• **Problem requirements**:
Scan the records for "msub". Report each line that includes it.

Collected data
*** Begin section ***

(* Let $Q$ be the rate matrix of an irreducible BD process on $\mathcal{M}=\{0,1\}^k$ ($k\ge1$) that is reversible with respect to its limiting distribution $\pi$, with $\pi(m)>0$ for all $m$. For $\varepsilon>0$ with $\varepsilon\, q_i(m)<1$ for all $i,m$, let $(M^{(s)}_\varepsilon)_{s\ge 0}$ be the homogeneous discrete-time Markov chain with transition matrix $P_\varepsilon$ defined below. Then: (i) $(M^{(s)}_\varepsilon)$ is irreducible and aperiodic, so it has a unique stationary distribution $\pi_\varepsilon$, which is also its limiting distribution. (ii) For any vector norm $\|\cdot\|$ on $\mathbb{R}^{l}$, $\|\pi_\varepsilon-\pi\|=\mathcal{O}(\varepsilon)$ as $\varepsilon\to0$. (iii) For each $m\in\mathcal{M}$, let $W^\varepsilon_m$ be the number of iterations the chain started at $m$ takes to leave $m$ (so $\Pr(W^\varepsilon_m> n)=P_\varepsilon(m,m)^n$ for integers $n\ge0$). Then $\varepsilon W^\varepsilon_m$ converges in distribution as $\varepsilon\to0$ to an exponential random variable with rate $\lambda(m):=\sum_{i=1}^k q_i(m)$, i.e. the holding-time distribution of the BD process in state $m$. (iv) For $m\neq m'$, let $\widetilde P_\varepsilon(m,m')=P_\varepsilon(m,m')/(1-P_\varepsilon(m,m))$ be the probability that the chain moves to $m'$ given that it leaves $m$. Then $\lim_{\varepsilon\to0}\widetilde P_\varepsilon(m,m')=q_i(m)/\lambda(m)$ if $m'=m^i$ for some $i\in\{1,\dots,k\}$, and $\lim_{\varepsilon\to0}\widetilde P_\varepsilon(m,m')=0$ otherwise; these are the jump-chain transition probabilities of the BD process.
   Context: $\mathcal{M}=\{0,1\}^k$, $l=2^k$; for $m\in\mathcal{M}$, $m^i$ is $m$ with coordinate $i$ flipped. The BD process is the continuous-time Markov chain with rate matrix $Q(m,m^i)=q_i(m)\ge0$, $Q(m,m)=-\sum_{i=1}^k q_i(m)$, $Q(m,m')=0$ otherwise. Reversibility: $\pi(m)Q(m,m')=\pi(m')Q(m',m)$ for all $m,m'$. For models $m,m'$, $H_{m,m'}$ is the set of coordinates where they differ, and $$P_\varepsilon(m,m')=\prod_{i\in H_{m,m'}} \varepsilon\, q_i(m)\prod_{i\notin H_{m,m'}}\bigl(1-\varepsilon\, q_i(m)\bigr),$$ i.e. from state $m$ each coordinate $i$ is flipped independently with probability $\varepsilon q_i(m)$. Distributions on $\mathcal{M}$ are viewed as row vectors in $\mathbb{R}^l$. *)

theory Defs
  imports "HOL-Probability.Probability" "HOL-Library.Landau_Symbols"
begin

text \<open>Coordinates are a finite type 'k (so k = CARD('k) >= 1); models are
  functions 'k => bool, i.e. elements of {0,1}^k.\<close>

definition flip :: "('k \<Rightarrow> bool) \<Rightarrow> 'k \<Rightarrow> ('k \<Rightarrow> bool)" where
  "flip m i = m(i := \<not> m i)"

definition bd_rate :: "('k::finite \<Rightarrow> ('k \<Rightarrow> bool) \<Rightarrow> real) \<Rightarrow> ('k \<Rightarrow> bool) \<Rightarrow> ('k \<Rightarrow> bool) \<Rightarrow> real" where
  "bd_rate q m m' =
     (if m' = m then - (\<Sum>i\<in>UNIV. q i m) else (\<Sum>i\<in>{i. m' = flip m i}. q i m))"

definition total_rate :: "('k::finite \<Rightarrow> ('k \<Rightarrow> bool) \<Rightarrow> real) \<Rightarrow> ('k \<Rightarrow> bool) \<Rightarrow> real" where
  "total_rate q m = (\<Sum>i\<in>UNIV. q i m)"

definition ctmc_irreducible :: "('s \<Rightarrow> 's \<Rightarrow> real) \<Rightarrow> bool" where
  "ctmc_irreducible Q \<longleftrightarrow> (\<forall>m m'. (m, m') \<in> {(a, b). a \<noteq> b \<and> Q a b > 0}\<^sup>*)"

definition reversible :: "('s \<Rightarrow> 's \<Rightarrow> real) \<Rightarrow> ('s \<Rightarrow> real) \<Rightarrow> bool" where
  "reversible Q p \<longleftrightarrow> (\<forall>m m'. p m * Q m m' = p m' * Q m' m)"
(* Let $f\in L^{1}$ and let $B=(b_{n,k})$ (as in the context) satisfy $$\left|b_{r,r-l}-b_{r+1,r+1-l}\right|\ll \frac{1}{(r+1)^{2}}\quad\text{for } 0\le l\le r.$$ Let $A$ be the Cesàro matrix $a_{n,k}=\frac1{n+1}$ for $0\le k\le n$, $a_{n,k}=0$ for $k>n$, and write $\widetilde T_{n,(\frac1{n+1}),B}$ for $\widetilde T_{n,A,B}$. Then for every natural $n$ and every real $x$, $$\left|\widetilde{T}_{n,(\frac{1}{n+1}),B}f(x)-\widetilde{f}\!\left(x,\tfrac{\pi}{n+1}\right)\right|\ll \frac{1}{n+1}\sum_{r=0}^{n}\left[\frac{1}{r+1}\sum_{k=0}^{r}\widetilde{w}_{x}f\!\left(\frac{\pi}{k+1}\right)\right],$$ and, at every point $x$ at which $\widetilde f(x)$ exists and $\frac{1}{\pi}\int_{0}^{\pi/(n+1)}\frac{|\psi_{x}(t)|}{t}\,dt\ll \widetilde{w}_{x}f\!\left(\frac{\pi}{n+1}\right)$ for all natural $n$, $$\left|\widetilde{T}_{n,(\frac{1}{n+1}),B}f(x)-\widetilde{f}(x)\right|\ll \frac{1}{n+1}\sum_{r=0}^{n}\left[\frac{1}{r+1}\sum_{k=0}^{r}\widetilde{w}_{x}f\!\left(\frac{\pi}{k+1}\right)\right].$$
   Context: $L^{p}$ is the space of $2\pi$-periodic real functions that are $p$-th power Lebesgue integrable (essentially bounded if $p=\infty$) on $[-\pi,\pi]$. For $f\in L^1$ with Fourier coefficients $a_\nu(f),b_\nu(f)$, $\widetilde S_k f(x)=\sum_{\nu=1}^{k}(a_\nu(f)\sin\nu x-b_\nu(f)\cos\nu x)$. Put $\psi_x(t)=f(x+t)-f(x-t)$, $\widetilde f(x,\epsilon)=-\frac{1}{\pi}\int_{\epsilon}^{\pi}\psi_x(t)\frac12\cot\frac t2\,dt$, $\widetilde f(x)=\lim_{\epsilon\to0^+}\widetilde f(x,\epsilon)$. $B=(b_{n,k})$ is an infinite lower triangular real matrix with $b_{n,k}\ge0$ for $0\le k\le n$, $b_{n,k}=0$ for $k>n$, $\sum_{k=0}^nb_{n,k}=1$. For a matrix $A=(a_{n,k})$ of the same type, $\widetilde T_{n,A,B}f(x)=\sum_{r=0}^{n}\sum_{k=0}^{r}a_{n,r}b_{r,k}\widetilde S_kf(x)$. $\widetilde w_xf(\delta)=\frac1\delta\int_0^\delta|\psi_x(u)|\,du$. $I_1\ll I_2$ means $I_1\le KI_2$ for a positive constant $K$ independent of $n$. *)

theory Defs
  imports "HOL-Analysis.Analysis"
begin
(* Let $\mathcal{M}$ be a finite $\mathcal{R}$-trivial monoid with $n=\#\mathcal{M}$, with elements ordered so that $\#\sigma_1\mathcal{M}\ge\dots\ge\#\sigma_n\mathcal{M}$ (so all elements of $\mathcal{U}^{\mathbb{Z}}_{\mathcal{M}}$ are upper triangular). Then: (1) Every idempotent element of $\mathcal{U}^{\mathbb{Z}}_{\mathcal{M}}$ has only entries $0$ and $1$ on its diagonal. (2) If $E\in\mathcal{U}^{\mathbb{Z}}_{\mathcal{M}}$ is idempotent and $\mathcal{D}_E$ is a single equivalence class of the loop-type relation $\sim$, then $E$ is primitive in $\mathcal{U}^{\mathbb{Z}}_{\mathcal{M}}$: whenever $E=X+Y$ with $X,Y\in\mathcal{U}^{\mathbb{Z}}_{\mathcal{M}}$, $X^2=X$, $Y^2=Y$, $XY=YX=0$, then $X=0$ or $Y=0$. (3) If $U\in\mathcal{U}^{\mathbb{Z}}_{\mathcal{M}}$ has only entries $0$ and $1$ on its diagonal, and $a,b\in\mathbb{Z}_{\ge0}$ satisfy $a\ge n-d_U$ and $b\ge d_U$, then $\mathcal{P}_{a,b}(U)=\mathrm{Id}-(\mathrm{Id}-U^a)^b$ is idempotent and has the same diagonal as $U$.
   Context: $\mathcal{M}$ is $\mathcal{R}$-trivial: $\sigma\mathcal{M}=\tau\mathcal{M}$ implies $\sigma=\tau$. Matrices in $\mathrm{Mat}(\mathbb{Z},n)$ are indexed by elements of $\mathcal{M}$ according to the chosen ordering. $U_\sigma$ is the matrix with $(U_\sigma)_{\tau,\kappa}=1$ if $\tau\sigma=\kappa$ and $0$ otherwise; $\mathcal{U}^{\mathbb{Z}}_{\mathcal{M}}:=\{\sum_{\mu\in\mathcal{M}} r_\mu U_\mu : r_\mu\in\mathbb{Z}\}\subset\mathrm{Mat}(\mathbb{Z},n)$ (a subring isomorphic to the monoid ring $\mathbb{Z}\mathcal{M}$ via $\mu\mapsto U_\mu$). For $U\in\mathcal{U}^{\mathbb{Z}}_{\mathcal{M}}$: $\mathcal{D}_U:=\{\sigma\in\mathcal{M}: U_{\sigma,\sigma}=1\}$ and $d_U:=\#\mathcal{D}_U$. $\mathcal{L}_\sigma:=\{\tau:\sigma\tau=\sigma\}$, and $\sigma\sim\kappa$ (same loop-type) iff $\mathcal{L}_\sigma=\mathcal{L}_\kappa$. $\mathcal{P}_{a,b}(U):=\mathrm{Id}-(\mathrm{Id}-U^a)^b$ for $a,b\in\mathbb{Z}_{\ge 0}$. *)

theory Defs
  imports Main
begin

text \<open>Integer matrices indexed by the elements of the monoid are functions
'm => 'm => int (row index, column index). The ordering of the elements
only serves to make the matrices upper triangular; none of the claims
depends on it.\<close>

type_synonym 'm imat = "'m \<Rightarrow> 'm \<Rightarrow> int"

definition R_trivial :: "('m::monoid_mult) itself \<Rightarrow> bool" where
  "R_trivial _ \<longleftrightarrow> (\<forall>\<sigma> \<tau> :: 'm. range (\<lambda>x. \<sigma> * x) = range (\<lambda>x. \<tau> * x) \<longrightarrow> \<sigma> = \<tau>)"

definition mmul :: "('m::finite) imat \<Rightarrow> 'm imat \<Rightarrow> 'm imat" where
  "mmul A B = (\<lambda>i k. \<Sum>j\<in>UNIV. A i j * B j k)"

definition madd :: "'m imat \<Rightarrow> 'm imat \<Rightarrow> 'm imat" where
  "madd A B = (\<lambda>i j. A i j + B i j)"

definition msub :: "'m imat \<Rightarrow> 'm imat \<Rightarrow> 'm imat" where
  "msub A B = (\<lambda>i j. A i j - B i j)"

definition mzero :: "'m imat" where
  "mzero = (\<lambda>i j. 0)"

definition mId :: "'m imat" where
  "mId = (\<lambda>i j. if i = j then 1 else 0)"

primrec mpow :: "('m::finite) imat \<Rightarrow> nat \<Rightarrow> 'm imat" where
  "mpow A 0 = mId"
| "mpow A (Suc k) = mmul (mpow A k) A"

definition Umat :: "('m::monoid_mult) \<Rightarrow> 'm imat" where
  "Umat \<sigma> = (\<lambda>\<tau> \<kappa>. if \<tau> * \<sigma> = \<kappa> then 1 else 0)"

definition UZ :: "('m::{monoid_mult,finite}) imat set" where
  "UZ = {A. \<exists>r :: 'm \<Rightarrow> int. A = (\<lambda>i j. \<Sum>\<mu>\<in>UNIV. r \<mu> * Umat \<mu> i j)}"

definition idempotent_mat :: "('m::finite) imat \<Rightarrow> bool" where
  "idempotent_mat A \<longleftrightarrow> mmul A A = A"

definition Dset :: "'m imat \<Rightarrow> 'm set" where
  "Dset U = {\<sigma>. U \<sigma> \<sigma> = 1}"

definition dnum :: "'m imat \<Rightarrow> nat" where
  "dnum U = card (Dset U)"

definition Lset :: "('m::monoid_mult) \<Rightarrow> 'm set" where
  "Lset \<sigma> = {\<tau>. \<sigma> * \<tau> = \<sigma>}"

definition loop_equiv :: "('m::monoid_mult) \<Rightarrow> 'm \<Rightarrow> bool" where
  "loop_equiv \<sigma> \<kappa> \<longleftrightarrow> Lset \<sigma> = Lset \<kappa>"

definition Pab :: "nat \<Rightarrow> nat \<Rightarrow> ('m::finite) imat \<Rightarrow> 'm imat" where
  "Pab a b U = msub mId (mpow (msub mId (mpow U a)) b)"

end

theory Submission
  imports Defs "HOL-Computational_Algebra.Polynomial"
begin

text \<open>Every matrix of \<open>UZ\<close> is supported on pairs \<open>(\<tau>, \<kappa>)\<close> with \<open>\<kappa> \<in> \<tau>M\<close>, a relation
that \<open>R\<close>-triviality makes antisymmetric. Such matrices are therefore triangular and the
diagonal of a product is the product of the diagonals, so idempotents have \<open>0/1\<close> diagonals.
Diagonal entries are also constant on loop-type classes, which yields primitivity once an
idempotent with zero diagonal is known to vanish.

Both that fact and part (3) rest on the Cayley-Hamilton type identity
\<open>U^(n - d) * (U - 1)^d = 0\<close> for \<open>U\<close> with \<open>0/1\<close> diagonal, proved by peeling off an element
\<open>\<sigma>\<close> with \<open>#\<sigma>M\<close> maximal. Since \<open>P = 1 - (1 - x^a)^b\<close> satisfies
\<open>x^(n - d) * (x - 1)^d dvd P^2 - P\<close> in \<open>\<int>[x]\<close>, evaluating at \<open>U\<close> shows that \<open>P(U)\<close> is
idempotent.\<close>

lemma mmul_assoc: "mmul (mmul A B) C = mmul A (mmul B (C :: ('m::finite) imat))"
proof (intro ext)
  fix i l
  have "mmul (mmul A B) C i l = (\<Sum>k\<in>UNIV. \<Sum>j\<in>UNIV. A i j * B j k * C k l)"
    unfolding mmul_def by (simp add: sum_distrib_right)
  also have "\<dots> = (\<Sum>j\<in>UNIV. \<Sum>k\<in>UNIV. A i j * B j k * C k l)"
    by (rule sum.swap)
  also have "\<dots> = mmul A (mmul B C) i l"
    unfolding mmul_def by (simp add: sum_distrib_left mult.assoc)
  finally show "mmul (mmul A B) C i l = mmul A (mmul B C) i l" .
qed

lemma mmul_mId_left: "mmul mId A = (A :: ('m::finite) imat)"
  unfolding mmul_def mId_def by (simp add: fun_eq_iff if_distrib[where f="\<lambda>x. x * _"] cong: if_cong)

lemma mmul_mId_right: "mmul A mId = (A :: ('m::finite) imat)"
  unfolding mmul_def mId_def by (simp add: fun_eq_iff if_distrib[where f="\<lambda>x. _ * x"] cong: if_cong)

typedef 'm sqmat = "UNIV :: 'm imat set" by simp

setup_lifting type_definition_sqmat

instantiation sqmat :: (finite) ring_1
begin

lift_definition zero_sqmat :: "'a sqmat" is mzero .
lift_definition one_sqmat :: "'a sqmat" is mId .
lift_definition plus_sqmat :: "'a sqmat \<Rightarrow> 'a sqmat \<Rightarrow> 'a sqmat" is madd .
lift_definition minus_sqmat :: "'a sqmat \<Rightarrow> 'a sqmat \<Rightarrow> 'a sqmat" is msub .
lift_definition uminus_sqmat :: "'a sqmat \<Rightarrow> 'a sqmat" is "\<lambda>A i j. - A i j" .
lift_definition times_sqmat :: "'a sqmat \<Rightarrow> 'a sqmat \<Rightarrow> 'a sqmat" is mmul .
(* (i) $(I(\mathbb N),\tau_1)$ is a Polish topological semigroup, and $\rho$ is a complete metric compatible with $\tau_1$. (ii) $(I(\mathbb N),\tau_2)$ is a Polish topological semigroup, and $\rho^\ast$ is a complete metric compatible with $\tau_2$.
   Context: $I(\mathbb N)$ is the set of all bijections $f:A\to B$ with $A,B\subseteq\mathbb N$ (including the empty map), $\mathrm{dom}(f)=A$, $\mathrm{im}(f)=B$, under composition ($\mathrm{dom}(f\circ g)=g^{-1}(\mathrm{dom}(f)\cap\mathrm{im}(g))$). For $x,y$: $v(x,y)=\{f: x\in\mathrm{dom}(f), f(x)=y\}$, $w_1(x)=\{f: x\notin\mathrm{dom}(f)\}$, $w_2(y)=\{f: y\notin\mathrm{im}(f)\}$. $\tau_1$ is the topology generated by all $v(x,y)$, $w_1(x)$; $\tau_2$ by all $v(x,y)$, $w_2(y)$. For $f,g\in I(\mathbb N)$ and $n\in\mathbb N$ let $a_{(f,g)}(n)=0$ if $n\in\mathrm{dom}(f)\cap\mathrm{dom}(g)$ or $n\notin\mathrm{dom}(f)\cup\mathrm{dom}(g)$, and $a_{(f,g)}(n)=1$ otherwise; let $b_{(f,g)}(n)=\min\{1,|f(n)-g(n)|\}$ if $n\in\mathrm{dom}(f)\cap\mathrm{dom}(g)$ and $0$ otherwise. Define $\rho(f,g)=\sum_{n\in\mathbb N}\frac{a_{(f,g)}(n)+b_{(f,g)}(n)}{2^n}$ and $\rho^\ast(f,g)=\rho(f^{-1},g^{-1})$. *)

theory Defs
  imports "HOL-Analysis.Analysis"
begin

definition Inat :: "(nat \<rightharpoonup> nat) set" where
  "Inat = {f. inj_on f (dom f)}"

text \<open>Composition: map_comp f g (apply g first, then f), i.e. f after g.\<close>

definition pinv :: "(nat \<rightharpoonup> nat) \<Rightarrow> (nat \<rightharpoonup> nat)" where
  "pinv f = (\<lambda>y. if y \<in> ran f then Some (THE x. f x = Some y) else None)"

definition vset :: "nat \<Rightarrow> nat \<Rightarrow> (nat \<rightharpoonup> nat) set" where
  "vset x y = {f \<in> Inat. f x = Some y}"

definition w1set :: "nat \<Rightarrow> (nat \<rightharpoonup> nat) set" where
  "w1set x = {f \<in> Inat. x \<notin> dom f}"

definition w2set :: "nat \<Rightarrow> (nat \<rightharpoonup> nat) set" where
  "w2set y = {f \<in> Inat. y \<notin> ran f}"

definition tau1 :: "(nat \<rightharpoonup> nat) topology" where
  "tau1 = topology_generated_by ({vset x y | x y. True} \<union> {w1set x | x. True})"

definition tau2 :: "(nat \<rightharpoonup> nat) topology" where
  "tau2 = topology_generated_by ({vset x y | x y. True} \<union> {w2set y | y. True})"

definition acoef :: "(nat \<rightharpoonup> nat) \<Rightarrow> (nat \<rightharpoonup> nat) \<Rightarrow> nat \<Rightarrow> real" where
  "acoef f g n = (if (n \<in> dom f \<and> n \<in> dom g) \<or> (n \<notin> dom f \<union> dom g) then 0 else 1)"
theorem proposition1:
  fixes E :: "'v::finite \<Rightarrow> 'v \<Rightarrow> bool"
    and Xs :: "'v \<Rightarrow> 'a set"
    and g :: "'v \<Rightarrow> 'a \<Rightarrow> 'b"
    and p :: "('v \<Rightarrow> 'a) \<Rightarrow> real"
    and psi :: "'v set \<Rightarrow> ('v \<Rightarrow> 'a) \<Rightarrow> real"
    and Z :: real
    and Cp :: "'v \<Rightarrow> 'v set"
  assumes sym: "\<And>i j. E i j \<Longrightarrow> E j i"
    and irrefl: "\<And>i. \<not> E i i"
    and fin: "\<And>i. finite (Xs i)"
    and psi_local: "\<And>C x x'. C \<in> cliques E \<Longrightarrow> x \<in> configs Xs \<Longrightarrow> x' \<in> configs Xs \<Longrightarrow>
                      (\<forall>j\<in>C. x j = x' j) \<Longrightarrow> psi C x = psi C x'"
    and pos: "\<And>x. x \<in> configs Xs \<Longrightarrow> p x > 0"
    and Z_def: "Z = (\<Sum>x\<in>configs Xs. \<Prod>C\<in>cliques E. psi C x)"
    and gibbs: "\<And>x. x \<in> configs Xs \<Longrightarrow> p x = (\<Prod>C\<in>cliques E. psi C x) / Z"
    and at_most_one: "\<And>i C1 C2. C1 \<in> cliques E \<Longrightarrow> C2 \<in> cliques E \<Longrightarrow> i \<in> C1 \<Longrightarrow> i \<in> C2 \<Longrightarrow>
                        strictly_depends Xs g (psi C1) i \<Longrightarrow> strictly_depends Xs g (psi C2) i \<Longrightarrow> C1 = C2"
    and Cp_clique: "\<And>i. Cp i \<in> cliques E \<and> i \<in> Cp i"
    and Cp_strict: "\<And>i C. C \<in> cliques E \<Longrightarrow> i \<in> C \<Longrightarrow> strictly_depends Xs g (psi C) i \<Longrightarrow> Cp i = C"
  shows "is_MRF E (law_Y Xs g p) \<and>
    (\<exists>U :: 'v set \<Rightarrow> ('v \<Rightarrow> 'b) \<Rightarrow> real.
       (\<forall>i. \<forall>x\<in>configs Xs.
          U (Cp i) (gmap g x) =
            (\<Sum>x''\<in>{x''\<in>configs Xs. (\<forall>j. Cp j \<noteq> Cp i \<longrightarrow> x'' j = x j) \<and>
                                    (\<forall>j. Cp j = Cp i \<longrightarrow> g j (x'' j) = g j (x j))}.
               psi (Cp i) x'')) \<and>
       (\<forall>C\<in>cliques E - range Cp. \<forall>x\<in>configs Xs. U C (gmap g x) = psi C x) \<and>
       (\<forall>y\<in>gmap g ` configs Xs. pmf_Y Xs g p y = (\<Prod>C\<in>cliques E. U C y) / Z))"
proof -
  interpret coarse_potentials E Xs g psi Cp
    by unfold_locales (fact fin psi_local Cp_clique Cp_strict)+
  show ?thesis
    using law_Y_is_MRF[OF irrefl pos gibbs] pmf_Y_gmap[OF gibbs] Cp_clique
    by (intro conjI exI[of _ induced_potential])
       (auto simp: induced_potential_gmap class_potential_def class_fibre_def)
qed

end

*** End section ***

• **Completed exercise**:
definition msub :: "'m imat \<Rightarrow> 'm imat \<Rightarrow> 'm imat" where
  "msub A B = (\<lambda>i j. A i j - B i j)"
  "Pab a b U = msub mId (mpow (msub mId (mpow U a)) b)"
lift_definition minus_sqmat :: "'a sqmat \<Rightarrow> 'a sqmat \<Rightarrow> 'a sqmat" is msub .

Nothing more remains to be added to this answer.